Reproduce, character for character, the entries from their opening line through the line with "verts (canonical_agg Y".
+===+
lemma admissible_canonical: "admissible (canonical_agg Y g) Y (canonical_mor Y g)"
proof unfold_locales
  show "is_agg (canonical_agg Y g)" by (rule is_agg_canonical)
  show "vm (canonical_mor Y g) (bd (canonical_agg Y g) (fm (canonical_mor Y g) y)) = bd Y y"
    if "y \<in> flags Y" for y
    using that is_aggD(3)[OF agg_Y] by (simp add: canonical_bd_def)
  show "vm (canonical_mor Y g) ` verts (canonical_agg Y g) = verts Y" by simp
  show "fm (canonical_mor Y g) ` flags Y \<subseteq> flags (canonical_agg Y g)" by auto
  show "iv (canonical_mor Y g) \<in> extensional (ghost_flags (canonical_agg Y g) Y (canonical_mor Y g))"
    unfolding ghost_flags_canonical by simp
  show "0 \<le> fibre_genus (canonical_agg Y g) Y (canonical_mor Y g) v" if "v \<in> verts Y" for v
    using fibre_genus_canonical[OF that] by simp
  show "(x, y) \<in> (ghost_edges (canonical_agg Y g) Y (canonical_mor Y g))\<^sup>*"
    if "x \<in> fibre (canonical_agg Y g) (canonical_mor Y g) v"
      "y \<in> fibre (canonical_agg Y g) (canonical_mor Y g) v" for v x y
    using that unfolding fibre_def by auto
  fix s assume "s \<in> ghost_flags (canonical_agg Y g) Y (canonical_mor Y g)"
  then have s_fresh: "s \<in> fresh_flags Y g" unfolding ghost_flags_canonical .
  then obtain v k b where s: "v \<in> verts Y" "k < g v" "b < 2" "s = fresh_flag Y v k b"
    unfolding fresh_flags_def by blast
  let ?s' = "fresh_flag Y v k (1 - b)"
  have b': "1 - b < 2" "1 - (1 - b) = b" using s(3) by arith+
  have s'_fresh: "?s' \<in> fresh_flags Y g" using s b' unfolding fresh_flags_def by blast
  have iv_s: "iv (canonical_mor Y g) s = ?s'"
    using s_fresh canonical_iv_fresh_flag[OF s(3)] s(4) by simp
  have iv_s': "iv (canonical_mor Y g) ?s' = s"
    using s'_fresh canonical_iv_fresh_flag[OF b'(1)] b'(2) s(4) by simp
  have bd: "bd (canonical_agg Y g) s = v" "bd (canonical_agg Y g) ?s' = v"
    using bd_canonical_fresh_flag s_fresh s'_fresh s(3,4) b'(1) by auto
  show "iv (canonical_mor Y g) s \<in> ghost_flags (canonical_agg Y g) Y (canonical_mor Y g)"
    unfolding iv_s ghost_flags_canonical by (rule s'_fresh)
  show "iv (canonical_mor Y g) s \<noteq> s"
  proof
    assume "iv (canonical_mor Y g) s = s"
    then have "?s' = fresh_flag Y v k b" using iv_s s(4) by simp
    then have "1 - b = b" by (rule fresh_flag_inj(3)[OF b'(1) s(3)])
    then show False using s(3) by arith
  qed
  show "iv (canonical_mor Y g) (iv (canonical_mor Y g) s) = s" unfolding iv_s by (rule iv_s')
  show "vm (canonical_mor Y g) (bd (canonical_agg Y g) (iv (canonical_mor Y g) s)) =
        vm (canonical_mor Y g) (bd (canonical_agg Y g) s)"
    unfolding iv_s bd ..
qed (simp_all add: agg_Y inj_on_def)

end

definition genus :: "agg \<Rightarrow> agg \<Rightarrow> mor \<Rightarrow> nat \<Rightarrow> nat" where
  "genus X Y \<phi> = restrict (\<lambda>v. nat (fibre_genus X Y \<phi> v)) (verts Y)"

lemma genus_in_genus_ob: "genus X Y \<phi> \<in> genus_ob Y"
  unfolding genus_def genus_ob_def by simp

lemma (in admissible) int_genus: "v \<in> verts Y \<Longrightarrow> int (genus X Y m v) = fibre_genus X Y m v"
  unfolding genus_def using fibre_genus_nonneg by simp

lemma genus_canonical:
  assumes "is_agg Y" "g \<in> extensional (verts Y)"
  shows "genus (canonical_agg Y g) Y (canonical_mor Y g) = g"
proof (rule extensionalityI[OF _ assms(2)])
  show "genus (canonical_agg Y g) Y (canonical_mor Y g) \<in> extensional (verts Y)"
    unfolding genus_def by simp
qed (simp add: genus_def fibre_genus_canonical[OF assms(1)])

lemma genus_forest_mcomp:
  assumes "forest X X' \<psi>" "ctd X' Y \<phi>"
  shows "genus X Y (mcomp X X' Y \<psi> \<phi>) = genus X' Y \<phi>"
proof -
  interpret ghost_composable X X' Y \<psi> \<phi>
    using ghost_morphism_if_ctd[OF ctd_if_forest[OF assms(1)]] ghost_morphism_if_ctd[OF assms(2)]
    by (rule ghost_composable.intro)
  have "(\<Sum>w\<in>fibre X' \<phi> v. fibre_genus X X' \<psi> w) = 0" for v
    using fibre_genus_forest[OF assms(1)] fibre_subset by (blast intro: sum.neutral)
  then show ?thesis unfolding genus_def using fibre_genus_mcomp by (intro restrict_ext) simp
qed

lemma (in admissible) card_ghost_pair_reps:
  assumes loops: "\<forall>s\<in>ghost_flags X Y m. bd X (iv m s) = bd X s" and v: "v \<in> verts Y"
  shows "card {s \<in> ghost_flags_at X Y m v. s < iv m s} = genus X Y m v"
  using card_ghost_flags_at[of v] card_fibre_if_ghost_loops[OF loops v] v
  unfolding genus_def fibre_genus_def by simp

text \<open>If all ghost edges of an admissible \<phi> are loops, X is isomorphic over Y to the canonical
  aggregate of the same genus: number the ghost pairs over each v by h v, using the smaller
  flag of each pair as its representative, and send the smaller/larger flag of pair k to the
  fresh flag with parity bit 0/1.\<close>
locale ghost_loop_relabelling = admissible X Y \<phi> for X Y :: agg and \<phi> :: mor +
  fixes h :: "nat \<Rightarrow> nat \<Rightarrow> nat"
  assumes ghost_loops: "\<forall>s\<in>ghost_flags X Y \<phi>. bd X (iv \<phi> s) = bd X s"
    and h_bij: "\<And>v. v \<in> verts Y \<Longrightarrow>
      bij_betw (h v) {s \<in> ghost_flags_at X Y \<phi> v. s < iv \<phi> s} {..<genus X Y \<phi> v}"
begin

abbreviation Xc :: agg where "Xc \<equiv> canonical_agg Y (genus X Y \<phi>)"

definition relabel :: "nat \<Rightarrow> nat" where
  "relabel s =
     (if s \<in> fm \<phi> ` flags Y then the_inv_into (flags Y) (fm \<phi>) s
      else fresh_flag Y (vm \<phi> (bd X s)) (h (vm \<phi> (bd X s)) (min s (iv \<phi> s)))
             (if s < iv \<phi> s then 0 else 1))"

definition relabel_mor :: mor where
  "relabel_mor = (restrict (vm \<phi>) (verts X), restrict (the_inv_into (flags X) relabel) (flags Xc),
                  (\<lambda>_. undefined))"

lemma relabel_fm: "y \<in> flags Y \<Longrightarrow> relabel (fm \<phi> y) = y"
  unfolding relabel_def using the_inv_into_f_f[OF fm_inj] by auto

lemma min_ghost_pair_rep:
  assumes s: "s \<in> ghost_flags X Y \<phi>"
  shows "min s (iv \<phi> s) \<in> {r \<in> ghost_flags_at X Y \<phi> (vm \<phi> (bd X s)). r < iv \<phi> r}"
  using s ghost_flags_at_vm[OF s] iv_ghost_flags_at[OF ghost_flags_at_vm[OF s]] iv_no_fix[OF s]
    iv_iv[OF s]
  by (auto simp: min_def)

lemma h_less_genus:
  assumes s: "s \<in> ghost_flags X Y \<phi>"
  shows "h (vm \<phi> (bd X s)) (min s (iv \<phi> s)) < genus X Y \<phi> (vm \<phi> (bd X s))"
  using h_bij[OF vm_bd_ghost[OF s]] min_ghost_pair_rep[OF s] by (auto simp: bij_betw_def)

lemma relabel_ghost:
  assumes s: "s \<in> ghost_flags X Y \<phi>"
  shows "relabel s = fresh_flag Y (vm \<phi> (bd X s)) (h (vm \<phi> (bd X s)) (min s (iv \<phi> s)))
                       (if s < iv \<phi> s then 0 else 1)"
  using s unfolding relabel_def ghost_flags_def by auto

lemma relabel_ghost_fresh: "s \<in> ghost_flags X Y \<phi> \<Longrightarrow> relabel s \<in> fresh_flags Y (genus X Y \<phi>)"
  unfolding relabel_ghost fresh_flags_def using vm_bd_ghost h_less_genus by fastforce

lemma canonical_iv_relabel:
  assumes s: "s \<in> ghost_flags X Y \<phi>"
  shows "canonical_iv Y (relabel s) = relabel (iv \<phi> s)"
proof -
  have "iv \<phi> s \<noteq> s" "iv \<phi> (iv \<phi> s) = s" using iv_no_fix[OF s] iv_iv[OF s] by auto
  then show ?thesis
    unfolding relabel_ghost[OF s] relabel_ghost[OF iv_ghost[OF s]] vm_bd_iv[OF s]
    by (auto simp: canonical_iv_fresh_flag min.commute)
qed

lemma inj_on_relabel: "inj_on relabel (flags X)"
proof (rule inj_onI)
  fix a b assume a: "a \<in> flags X" and b: "b \<in> flags X" and ab: "relabel a = relabel b"
  have fresh_notin: "relabel s \<notin> flags Y" if "s \<in> ghost_flags X Y \<phi>" for s
    using relabel_ghost_fresh[OF that] flags_disjoint_fresh_flags[OF is_aggD(1)[OF agg_tgt]] by blast
  consider (fm) "a \<in> fm \<phi> ` flags Y" "b \<in> fm \<phi> ` flags Y"
    | (ghost) "a \<in> ghost_flags X Y \<phi>" "b \<in> ghost_flags X Y \<phi>"
    | (mixed) "a \<in> fm \<phi> ` flags Y \<and> b \<in> ghost_flags X Y \<phi> \<or>
               b \<in> fm \<phi> ` flags Y \<and> a \<in> ghost_flags X Y \<phi>"
    using a b unfolding flags_src by blast
  then show "a = b"
  proof cases
    case fm
    then show ?thesis using ab relabel_fm by auto
  next
    case mixed
    then show ?thesis using ab relabel_fm fresh_notin by auto
  next
    case ghost
    let ?va = "vm \<phi> (bd X a)" and ?vb = "vm \<phi> (bd X b)"
    let ?ra = "min a (iv \<phi> a)" and ?rb = "min b (iv \<phi> b)"
    let ?ba = "if a < iv \<phi> a then 0 else 1 :: nat" and ?bb = "if b < iv \<phi> b then 0 else 1 :: nat"
    have ff: "fresh_flag Y ?va (h ?va ?ra) ?ba = fresh_flag Y ?vb (h ?vb ?rb) ?bb"
      using ab unfolding relabel_ghost[OF ghost(1)] relabel_ghost[OF ghost(2)] .
    have bits: "?ba < 2" "?bb < 2" by simp_all
    note eq = fresh_flag_inj[OF bits ff]
    have "h ?va ?ra = h ?va ?rb" using eq(1,2) by simp
    moreover have "?rb \<in> {r \<in> ghost_flags_at X Y \<phi> ?va. r < iv \<phi> r}"
      using min_ghost_pair_rep[OF ghost(2)] eq(1) by simp
    ultimately have rep: "?ra = ?rb"
      using inj_onD[OF bij_betw_imp_inj_on[OF h_bij[OF vm_bd_ghost[OF ghost(1)]]]]
        min_ghost_pair_rep[OF ghost(1)] by blast
    have bit: "(a < iv \<phi> a) = (b < iv \<phi> b)" using eq(3) by presburger
    show ?thesis
    proof (cases "a < iv \<phi> a")
      case True
      then show ?thesis using rep bit by (simp add: min_def)
    next
      case False
      then have "iv \<phi> a < a" "iv \<phi> b < b"
        using bit iv_no_fix[OF ghost(1)] iv_no_fix[OF ghost(2)] by simp_all
      then have "iv \<phi> a = iv \<phi> b" using rep by (simp add: min_def)
      then show ?thesis using iv_iv[OF ghost(1)] iv_iv[OF ghost(2)] by metis
    qed
  qed
qed

lemma relabel_image: "relabel ` flags X = flags Xc"
proof (intro equalityI subsetI)
  fix x assume "x \<in> relabel ` flags X"
  then obtain a where a: "a \<in> flags X" "x = relabel a" by blast
  then show "x \<in> flags Xc"
    using relabel_fm relabel_ghost_fresh unfolding flags_src by auto
next
  fix x assume x: "x \<in> flags Xc"
  show "x \<in> relabel ` flags X"
  proof (cases "x \<in> flags Y")
    case True
    show ?thesis
      by (rule image_eqI[where x = "fm \<phi> x"]) (use True fm_into relabel_fm in auto)
  next
    case False
    then have "x \<in> fresh_flags Y (genus X Y \<phi>)" using x by simp
    then obtain v k b where v: "v \<in> verts Y" and kb: "k < genus X Y \<phi> v" "b < 2"
      and x_eq: "x = fresh_flag Y v k b"
      unfolding fresh_flags_def by blast
    have "k \<in> h v ` {r \<in> ghost_flags_at X Y \<phi> v. r < iv \<phi> r}"
      using h_bij[OF v] kb(1) by (simp add: bij_betw_def)
    then obtain r where r: "r \<in> ghost_flags_at X Y \<phi> v" "r < iv \<phi> r" "h v r = k" by blast
    have rg: "r \<in> ghost_flags X Y \<phi>" and rv: "vm \<phi> (bd X r) = v"
      using r(1) unfolding ghost_flags_at_def by auto
    have "relabel r = fresh_flag Y v k 0" using relabel_ghost[OF rg] r rv by (simp add: min_def)
    moreover have "relabel (iv \<phi> r) = fresh_flag Y v k 1"
      using relabel_ghost[OF iv_ghost[OF rg]] r rv vm_bd_iv[OF rg] iv_iv[OF rg]
      by (simp add: min_def)
    moreover have "r \<in> flags X" "iv \<phi> r \<in> flags X" using rg iv_ghost[OF rg] by (blast dest: ghost_flagsD)+
    moreover have "b = 0 \<or> b = 1" using kb(2) by arith
    ultimately show ?thesis using x_eq by (metis image_eqI)
  qed
qed

lemma bij_betw_relabel: "bij_betw relabel (flags X) (flags Xc)"
  using inj_on_relabel relabel_image by (simp add: bij_betw_def)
+===+
→ ANSWER AREA:
lemma admissible_canonical: "admissible (canonical_agg Y g) Y (canonical_mor Y g)"
proof unfold_locales
  show "is_agg (canonical_agg Y g)" by (rule is_agg_canonical)
  show "vm (canonical_mor Y g) (bd (canonical_agg Y g) (fm (canonical_mor Y g) y)) = bd Y y"
    if "y \<in> flags Y" for y
    using that is_aggD(3)[OF agg_Y] by (simp add: canonical_bd_def)
  show "vm (canonical_mor Y g) ` verts (canonical_agg Y g) = verts Y" by simp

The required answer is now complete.